The supply of fuel to each injector 1 is performed through a branched pipe 3 that constitutes a portion of the fuel channel from the common rail 2. That is, the fuel is drawn from the fuel tank 4 through a filter 5 by the low-pressure pump 6 and pressurized to a predetermined intake pressure and then delivered to a high-pressure pump 8 through the fuel pipe 7. The fuel that has been supplied to the high-pressure pump 8 is collected in the common rail 2 still pressurized to the predetermined pressure, and from the common rail 2 is supplied to each injector 1. A plurality of injectors 1 are provided according to the engine type (number of cylinders; in this embodiment, four cylinders), and under the control of the controller 12, the injectors 1 inject the fuel that has been supplied from the common rail 2 to the corresponding combustion chamber at an optimum injection timing at an optimum fuel injection amount (the method for determining the fuel injection amount is discussed later). The injection pressure at which the fuel is injected from the injectors 1 is substantially equal to the pressure of the fuel being held in the common rail 2, so that the fuel injection pressure is controlled by controlling the pressure within the common rail 2.
Fuel that is supplied to the injectors 1 from the branched pipe 3 but is not used up in the injection to the combustion chamber, or excess fuel if the common rail pressure has risen too high, is returned to the fuel tank 4 through a return pipe 11.
The controller 12, which is an electric control unit, is supplied with information on the cylinder number and the crank angle. The controller 12 stores, as functions, the target fuel injection conditions (for example, the target fuel injection timing, the target fuel injection amount, and the target common rail pressure), which are determined in advance based on the engine operation state so that the engine output becomes the optimum output for the drive condition, and finds the target fuel injection conditions (that is, the fuel injection timing and the injection amount for the injector 1) that corresponds to the signals that indicate the current engine operation state detected by various sensors, and then controls the operation of the injectors 1 and the fuel pressure within the common rail so that fuel injection is performed under those conditions.

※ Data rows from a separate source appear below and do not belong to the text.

lemma kept_Some: "kept C tau s f n \<Longrightarrow> f n \<noteq> None"
  unfolding kept_def by auto

lemma fst_ctrace [simp]: "fst (ctrace C tau s f) = C s"
  by (simp add: ctrace_def)

lemma ctrace_at_rank:
  assumes "kept C tau s f n"
  shows "snd (ctrace C tau s f) (rank (kept C tau s f) n) = map_option (\<lambda>(a, t). (a, C t)) (f n)"
proof -
  let ?K = "kept C tau s f"
  have "(THE n'. ?K n' \<and> rank ?K n' = rank ?K n) = n"
    using assms rank_inj[of ?K _ n] by blast
  with assms show ?thesis by (auto simp: ctrace_def)
qed

lemma ctrace_defined_iff:
  "snd (ctrace C tau s f) k \<noteq> None \<longleftrightarrow> (\<exists>n. kept C tau s f n \<and> rank (kept C tau s f) n = k)"
proof
  assume "snd (ctrace C tau s f) k \<noteq> None"
  then show "\<exists>n. kept C tau s f n \<and> rank (kept C tau s f) n = k"
    by (auto simp: ctrace_def split: if_splits)
next
  assume "\<exists>n. kept C tau s f n \<and> rank (kept C tau s f) n = k"
  then show "snd (ctrace C tau s f) k \<noteq> None"
    using ctrace_at_rank kept_Some by fastforce
qed

lemma ctrace_cong:
  assumes "\<And>m. kept C tau s f m \<longleftrightarrow> kept C tau s g m" and "\<And>m. kept C tau s f m \<Longrightarrow> f m = g m"
  shows "ctrace C tau s f = ctrace C tau s g"
proof -
  have kept_eq: "kept C tau s f = kept C tau s g" using assms(1) by blast
  have "snd (ctrace C tau s f) k = snd (ctrace C tau s g) k" for k
  proof (cases "\<exists>n. kept C tau s f n \<and> rank (kept C tau s f) n = k")
    case True
    then obtain n where "kept C tau s f n" "rank (kept C tau s f) n = k" by blast
    then show ?thesis
      using ctrace_at_rank[of C tau s f n] ctrace_at_rank[of C tau s g n] assms by auto
  next
    case False
    then have "snd (ctrace C tau s f) k = None" "snd (ctrace C tau s g) k = None"
      using ctrace_defined_iff[of C tau s f k] ctrace_defined_iff[of C tau s g k]
      unfolding kept_eq by blast+
    then show ?thesis by simp
  qed
  then show ?thesis by (simp add: ctrace_def)
qed

definition truncate_seq :: "nat \<Rightarrow> (nat \<Rightarrow> 'b option) \<Rightarrow> nat \<Rightarrow> 'b option" where
  "truncate_seq N f m = (if m < N then f m else None)"

lemma state_at_cong: "(\<And>m. m < M \<Longrightarrow> f m = g m) \<Longrightarrow> state_at s f M = state_at s g M"
  by (cases M) auto

lemma state_at_truncate: "M \<le> N \<Longrightarrow> state_at s (truncate_seq N f) M = state_at s f M"
  by (rule state_at_cong) (simp add: truncate_seq_def)

lemma kept_truncate: "kept C tau s (truncate_seq N f) m \<longleftrightarrow> m < N \<and> kept C tau s f m"
  by (cases "m < N") (auto simp: kept_def state_at_truncate truncate_seq_def)

lemma truncate_truncate: "n \<le> N \<Longrightarrow> truncate_seq n (truncate_seq N f) = truncate_seq n f"
  by (auto simp: truncate_seq_def)

lemma truncate_beyond_None: "wf_seq f \<Longrightarrow> f n = None \<Longrightarrow> truncate_seq n f = f"
  using wf_seq_None_mono[of f n] by (auto simp: truncate_seq_def)

lemma is_path_truncate: "is_path T s f \<Longrightarrow> is_path T s (truncate_seq N f)"
  unfolding is_path_def wf_seq_def
  by (auto simp: state_at_truncate truncate_seq_def split: if_splits)

lemma ctrace_truncate:
  "(\<And>m. N \<le> m \<Longrightarrow> \<not> kept C tau s f m) \<Longrightarrow> ctrace C tau s (truncate_seq N f) = ctrace C tau s f"
  by (rule ctrace_cong) (use leI in \<open>auto simp: kept_truncate truncate_seq_def\<close>)

lemma rank_kept_truncate:
  "n \<le> N \<Longrightarrow> rank (kept C tau s (truncate_seq N f)) n = rank (kept C tau s f) n"
  by (simp add: kept_truncate) (metis less_le_trans)

lemma ctrace_truncate_prefix:
  assumes "snd (ctrace C tau s (truncate_seq N f)) k \<noteq> None"
  shows "snd (ctrace C tau s (truncate_seq N f)) k = snd (ctrace C tau s f) k"
proof -
  obtain n where n: "kept C tau s (truncate_seq N f) n" "rank (kept C tau s (truncate_seq N f)) n = k"
    using assms unfolding ctrace_defined_iff by blast
  then have "n < N" "kept C tau s f n" by (auto simp: kept_truncate)
  then show ?thesis
    using n ctrace_at_rank[OF n(1)] ctrace_at_rank[of C tau s f n] rank_kept_truncate[of n N C tau s f]
    by (simp add: truncate_seq_def)
qed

FIG. 2 is a control block diagram of the controller 12 for determining the fuel injection amount. As shown in FIG. 2, to calculate the fuel injection amount, instructed revolution calculation means 12A receives a signal that indicates the degree of opening of the regulator that is actuated by the user, and the instructed revolution calculation means 12A then calculates the “instructed revolution (target revolution)” that corresponds to the degree of opening of the regulator. Then, injection amount computation means 12B calculates the fuel injection amount so that the engine revolution becomes this instructed revolution. The injectors 1 of the engine E perform the fuel injection operation with the fuel injection amount that has been found through this computation, and in this state, revolution calculation and storage means 12C calculates the actual engine revolution and compares this actual engine revolution with the instructed revolution and corrects the fuel injection amount (engine revolution feedback control) so that the actual engine revolution approaches the instructed revolution. Here, the revolution calculation and storage means 12C calculates the engine revolution in the expansion stroke of a cylinder from the time that is required for the crank shaft to rotate by a predetermined angle from the compression upper dead center of that cylinder, and stores this in association with that cylinder number. It also temporarily stores the calculated revolution for a fixed number of cylinders.

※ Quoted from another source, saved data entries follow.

lemma surj_funsI:
  assumes "\<And>i. i \<in> {1..n} \<Longrightarrow> f i \<in> {1..m}" "\<And>i. i \<notin> {1..n} \<Longrightarrow> f i = undefined"
    and "\<And>j. j \<in> {1..m} \<Longrightarrow> \<exists>i\<in>{1..n}. f i = j"
  shows "f \<in> surj_funs n m"
  using assms unfolding surj_funs_def by (auto simp: PiE_iff extensional_def) (metis image_eqI)

lemma surj_funs_fiber_nonempty:
  assumes "f \<in> surj_funs n m" "j \<in> {1..m}"
  shows "{i\<in>{1..n}. f i = j} \<noteq> {}"
proof -
  have "j \<in> f ` {1..n}" using assms by (simp add: surj_funs_def)
  then show ?thesis by auto
qed

lemma obtain_max_pos:
  fixes b :: "'a \<Rightarrow> real"
  assumes "finite I" "sum b I = 1"
  obtains J where "J \<in> I" "0 < b J" "\<And>j. j \<in> I \<Longrightarrow> b j \<le> b J"
proof -
  have "I \<noteq> {}" using assms by auto
  then have "Max (b ` I) \<in> b ` I" using assms by (intro Max_in) auto
  then obtain J where J: "J \<in> I" "b J = Max (b ` I)" by auto
  then have J_max: "b j \<le> b J" if "j \<in> I" for j using that assms by simp
  have "1 \<le> real (card I) * b J" using assms sum_mono[of I b "\<lambda>_. b J"] J_max by simp
  then have "0 < b J" by (smt (verit) mult_nonneg_nonpos of_nat_0_le_iff)
  with J J_max show thesis by (intro that)
qed

locale sorted_distribution =
  fixes n m :: nat and p :: "nat \<Rightarrow> real"
  assumes m_ge_2: "2 \<le> m" and m_less_n: "m < n"
    and p_nonneg: "\<And>i. i \<in> {1..n} \<Longrightarrow> 0 \<le> p i"
    and p_antimono: "\<And>i j. 1 \<le> i \<Longrightarrow> i \<le> j \<Longrightarrow> j \<le> n \<Longrightarrow> p j \<le> p i"
    and sum_p: "(\<Sum>i=1..n. p i) = 1"
begin

lemma img_dist_nonneg: "0 \<le> img_dist n p f j"
  unfolding img_dist_def by (intro sum_nonneg p_nonneg) auto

—How the Feedback Revolution is Switched in the Fuel Injection Control—
Next, the manner in which the feedback revolution is switched in this fuel injection control, which is a characteristic aspect of the embodiment, is described. The aspect that is characteristic of this embodiment is that, in regard to taking the feedback revolution of the fuel injection control as the average revolution from the cylinder immediately prior to a cylinder that is prior to this, the number of past cylinders to be retroactively averaged is switched according to the engine operation state. The following description pertains to the structure, and the operation thereof, for switching the feedback revolution in this fuel injection control.
As shown in FIG. 1, the injection amount computation means 12B of the controller 12 is furnished with feedback revolution switching means 12D. The controller 12 is also furnished with target revolution determination means 12E, load fluctuation determination means 12F, and reduced cylinder operation determination means 12G.
The feedback revolution switching means 12D receives the output from these determination means 12E to 12G and from these signals that it receives it determines how many past cylinders should be included to find the main engine revolution and switches the feedback revolution to cause the injection amount computation means 12B to execute a control operation (calculation operation) for determining the fuel injection amount.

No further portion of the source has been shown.